Where does PE have a direct impact?
When I was a payer there was a lot of criticism on how the pCPA was only focused on price. There is no denying it is important. If we accept payers are not going to pay list price then PE provides payers the price to where the technology may approach a conventionally accepted threshold. These are starting to make their way into the HTA recommendation and can be used as an anchor. There is a lot of variability. When you are coming into negotiation and you are charged with bridging that gap, it can be used to set a starting point. Sometimes payers won’t budge and other times it is brought into play. It is best used as a guideline in my opinion.
PE analysis can also be used for products with multiple indications. If they have agreed on differential pricing it can help create a relative comparison.

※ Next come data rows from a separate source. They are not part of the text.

(* Let $b,h,d\ge1$ be integers, let $D'$ be a digraph and $v\in V(D')$. Suppose that (1) every vertex of $D'$ reachable from $v$ has out-degree at least $(h+1)\cdot(d(2b-2)+1)+d$, and (2) the number of vertices of $D'$ at distance at most $(h+1)(2b-1)$ from $v$ is less than $d^h$. Then $D'$ contains a type-III gadget $G$ and a directed path $P_0$ from $v$ to $p(G)$ such that $V(P_0)\cap V(G)=\{p(G)\}$, $|V(G)|\le(2h+2)(2b-1)$ and $|V(P_0)|\le h(2b-1)$.
   Context: A gadget of type III (with parameter $b$) is a digraph consisting of designated vertices $p,q$, a vertex $r$, the arc $(p,q)$, and two internally vertex-disjoint directed paths $P_1,P_2$ from $p$ and from $q$ respectively to $r$, each of length at least $2b-1$; $p(G)$ denotes its vertex $p$. Distance from $v$ to $u$ means the length of a shortest directed $v$-$u$-path. *)

theory Defs
  imports Main
begin

definition digraph :: "'a set \<Rightarrow> ('a \<times> 'a) set \<Rightarrow> bool" where
  "digraph V E \<longleftrightarrow> finite V \<and> E \<subseteq> V \<times> V \<and> (\<forall>x. (x, x) \<notin> E)"

definition dpath :: "'a set \<Rightarrow> ('a \<times> 'a) set \<Rightarrow> 'a list \<Rightarrow> bool" where
  "dpath V E P \<longleftrightarrow> P \<noteq> [] \<and> distinct P \<and> set P \<subseteq> V \<and>
     (\<forall>i. Suc i < length P \<longrightarrow> (P ! i, P ! Suc i) \<in> E)"

definition plen :: "'a list \<Rightarrow> nat" where
  "plen P = length P - 1"

definition out_degree :: "('a \<times> 'a) set \<Rightarrow> 'a \<Rightarrow> nat" where
  "out_degree E u = card {w. (u, w) \<in> E}"

definition reachable :: "'a set \<Rightarrow> ('a \<times> 'a) set \<Rightarrow> 'a \<Rightarrow> 'a \<Rightarrow> bool" where
  "reachable V E v u \<longleftrightarrow> (\<exists>P. dpath V E P \<and> hd P = v \<and> last P = u)"

text \<open>Distance from v to u: length of a shortest directed v-u-path (only meaningful if
  u is reachable from v).\<close>
definition dist :: "'a set \<Rightarrow> ('a \<times> 'a) set \<Rightarrow> 'a \<Rightarrow> 'a \<Rightarrow> nat" where
  "dist V E v u = (LEAST n. \<exists>P. dpath V E P \<and> hd P = v \<and> last P = u \<and> plen P = n)"

definition ball_out :: "'a set \<Rightarrow> ('a \<times> 'a) set \<Rightarrow> 'a \<Rightarrow> nat \<Rightarrow> 'a set" where
  "ball_out V E v k = {u \<in> V. reachable V E v u \<and> dist V E v u \<le> k}"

I think manufacturers are well served to recognize the importance of pricing decisions and the impact they can have on negotiations. Recommendations talk about 80 or 90 percent reduction in price. The % discount is not the thing to talk about because its based on list price. Take advantage of the HTA process opportunities to talk about concerns with the analysis. If the general payer is going to use the model they want to see a simplified summary and be able to change assumptions. They would like to use the BIA to satisfy their own analysis. When you are developing your value story you need to touch on all elements of incremental costs and the corresponding result of values to the system.